## Work required
What appears from the first line of the data below through the line containing "the circle is", both included, should be copied exactly, and nothing else.

## Collected data entries
#####

(* Let $\rho=0.4353184958$, $\tau=0.1230440086$, $\varepsilon=2\times 10^{-10}$ and $U=\{q\in\mathbb{C}:\ \mathrm{Re}\,q\in[\rho-\varepsilon,\rho+\varepsilon],\ \mathrm{Im}\,q\in[\tau-\varepsilon,\tau+\varepsilon]\}$. Let $5\leq n\leq\infty$ and let $r=(r_5,r_6,\ldots)$ (indices $5\leq j\leq n$) with each $r_j\in[0,1]$, and define $$\theta_r(q,z)=1+qz+q^3z^2+q^6z^3+q^{10}z^4+\sum_{j=5}^{n}r_jq^{j(j+1)/2}z^j.$$ Then for every $q\in U$ and every $z\in\mathbb{C}$ with $|z|=|q|^{-2}$ one has $\theta_r(q,z)\neq 0$.
   Context: Here $\rho,\tau$ are the given rational (finite decimal) numbers. *)

theory Defs
  imports Complex_Main "HOL-Library.Extended_Nat"
begin

definition theta_r :: "(nat \<Rightarrow> real) \<Rightarrow> enat \<Rightarrow> complex \<Rightarrow> complex \<Rightarrow> complex" where
  "theta_r r n q z = 1 + q * z + q ^ 3 * z ^ 2 + q ^ 6 * z ^ 3 + q ^ 10 * z ^ 4 +
     (\<Sum>j. if 5 \<le> j \<and> enat j \<le> n
           then complex_of_real (r j) * q ^ (j * (j + 1) div 2) * z ^ j else 0)"

definition rho :: real where "rho = 0.4353184958"
definition tau :: real where "tau = 0.1230440086"
definition eps :: real where "eps = 2 / 10 ^ 10"

definition U :: "complex set" where
  "U = {q. Re q \<in> {rho - eps .. rho + eps} \<and> Im q \<in> {tau - eps .. tau + eps}}"

end

theory Submission
  imports Defs
begin

text \<open>Put \<open>w = q\<^sup>2 z\<close>, so that \<open>|w| = 1\<close>. Then \<open>q \<theta>\<^sub>r(q, z)\<close> is the quartic (\<open>theta_head\<close>)
  \<open>H(q, w) = q + w + w\<^sup>2 + q w\<^sup>3 + q\<^sup>3 w\<^sup>4\<close> plus \<open>q\<close> times the tail \<open>j \<ge> 5\<close>, and since
  \<open>j(j + 1)/2 - 2j \<ge> 4j - 15\<close> the tail is dominated by a geometric series: for \<open>|q| \<le> 0.46\<close>
  its contribution is below \<open>|q|\<^sup>6 / (1 - |q|\<^sup>4) < 0.01\<close>. It therefore suffices to show
  \<open>|H(q, w)| \<ge> 0.01\<close> on the unit circle. At the rational point \<open>q\<^sub>0 = 0.435 + 0.123i\<close>
  the circle is cut into 29 arcs, each inside a small disc around a rational centre \<open>c\<close>;
  the exact expansion \<open>H(w) = H(c) + (w - c) H'(c) + (w - c)\<^sup>2 R\<close> with \<open>|R| \<le> 3.6\<close> turns
  finitely many rational inequalities at the centres into \<open>|H(q\<^sub>0, w)| \<ge> 0.012\<close>. Moving
  \<open>q\<close> from \<open>q\<^sub>0\<close> into \<open>U\<close> changes \<open>H\<close> by at most \<open>0.002\<close>.\<close>

definition theta_head :: "complex \<Rightarrow> complex \<Rightarrow> complex" where
  "theta_head q w = q + w + w^2 + q * w^3 + q^3 * w^4"
(* Let $H=(V,E,w)$ be a hypergraph with at least one hyperedge, and let $\gamma_1=\min\{D(f): f\in\mathbb{R}^n,\ \sum_v\deg(v)f(v)^2>0\}$, where $D(f)=\frac{\sum_{e\in E}w(e)\big(\max_{u\in e}f(u)+\min_{v\in e}f(v)\big)^2}{\sum_{v\in V}\deg(v)f(v)^2}$. Then there are disjoint sets $L,R\subset V$ with $\mathrm{vol}(L\cup R)>0$ such that $$\beta_H(L,R)\le\sqrt{2\gamma_1}.$$
   Context: A hypergraph $H=(V,E,w)$ has vertex set $V$ with $|V|=n$, hyperedges $E$ (subsets of $V$), weights $w:E\to\mathbb{R}_{>0}$; $\deg(v)=\sum_{e\ni v}w(e)$, $\mathrm{vol}(S)=\sum_{v\in S}\deg(v)$. For $A,B,C\subseteq V$, $w(A,B\mid C)=\sum_{e\in E}w(e)[e\cap A\ne\emptyset\wedge e\cap B\ne\emptyset\wedge e\cap C=\emptyset]$ and $w(A\mid C)=w(A,A\mid C)$. Writing $\overline{X}=V\setminus X$, the bipartiteness ratio of disjoint $L,R$ (with $\mathrm{vol}(L\cup R)>0$) is $\beta_H(L,R)=\frac{2w(L\mid\overline{L})+2w(R\mid\overline{R})+w(L,\overline{L\cup R}\mid R)+w(R,\overline{L\cup R}\mid L)}{\mathrm{vol}(L\cup R)}$. The quantity $\gamma_1$ is the minimum eigenvalue of the paper's hypergraph operator $D_H^{-1}J_H$. *)

theory Defs
  imports Complex_Main
begin

definition hypergraph :: "'a set \<Rightarrow> 'a set set \<Rightarrow> ('a set \<Rightarrow> real) \<Rightarrow> bool" where
  "hypergraph V E w \<longleftrightarrow> finite V \<and> (\<forall>e\<in>E. e \<subseteq> V \<and> e \<noteq> {} \<and> w e > 0)"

#####

## Answer box
(* Let $\rho=0.4353184958$, $\tau=0.1230440086$, $\varepsilon=2\times 10^{-10}$ and $U=\{q\in\mathbb{C}:\ \mathrm{Re}\,q\in[\rho-\varepsilon,\rho+\varepsilon],\ \mathrm{Im}\,q\in[\tau-\varepsilon,\tau+\varepsilon]\}$. Let $5\leq n\leq\infty$ and let $r=(r_5,r_6,\ldots)$ (indices $5\leq j\leq n$) with each $r_j\in[0,1]$, and define $$\theta_r(q,z)=1+qz+q^3z^2+q^6z^3+q^{10}z^4+\sum_{j=5}^{n}r_jq^{j(j+1)/2}z^j.$$ Then for every $q\in U$ and every $z\in\mathbb{C}$ with $|z|=|q|^{-2}$ one has $\theta_r(q,z)\neq 0$.
   Context: Here $\rho,\tau$ are the given rational (finite decimal) numbers. *)

theory Defs
  imports Complex_Main "HOL-Library.Extended_Nat"
begin

definition theta_r :: "(nat \<Rightarrow> real) \<Rightarrow> enat \<Rightarrow> complex \<Rightarrow> complex \<Rightarrow> complex" where
  "theta_r r n q z = 1 + q * z + q ^ 3 * z ^ 2 + q ^ 6 * z ^ 3 + q ^ 10 * z ^ 4 +
     (\<Sum>j. if 5 \<le> j \<and> enat j \<le> n
           then complex_of_real (r j) * q ^ (j * (j + 1) div 2) * z ^ j else 0)"

definition rho :: real where "rho = 0.4353184958"
definition tau :: real where "tau = 0.1230440086"
definition eps :: real where "eps = 2 / 10 ^ 10"

definition U :: "complex set" where
  "U = {q. Re q \<in> {rho - eps .. rho + eps} \<and> Im q \<in> {tau - eps .. tau + eps}}"

end

theory Submission
  imports Defs
begin

text \<open>Put \<open>w = q\<^sup>2 z\<close>, so that \<open>|w| = 1\<close>. Then \<open>q \<theta>\<^sub>r(q, z)\<close> is the quartic (\<open>theta_head\<close>)
  \<open>H(q, w) = q + w + w\<^sup>2 + q w\<^sup>3 + q\<^sup>3 w\<^sup>4\<close> plus \<open>q\<close> times the tail \<open>j \<ge> 5\<close>, and since
  \<open>j(j + 1)/2 - 2j \<ge> 4j - 15\<close> the tail is dominated by a geometric series: for \<open>|q| \<le> 0.46\<close>
  its contribution is below \<open>|q|\<^sup>6 / (1 - |q|\<^sup>4) < 0.01\<close>. It therefore suffices to show
  \<open>|H(q, w)| \<ge> 0.01\<close> on the unit circle. At the rational point \<open>q\<^sub>0 = 0.435 + 0.123i\<close>
  the circle is cut into 29 arcs, each inside a small disc around a rational centre \<open>c\<close>;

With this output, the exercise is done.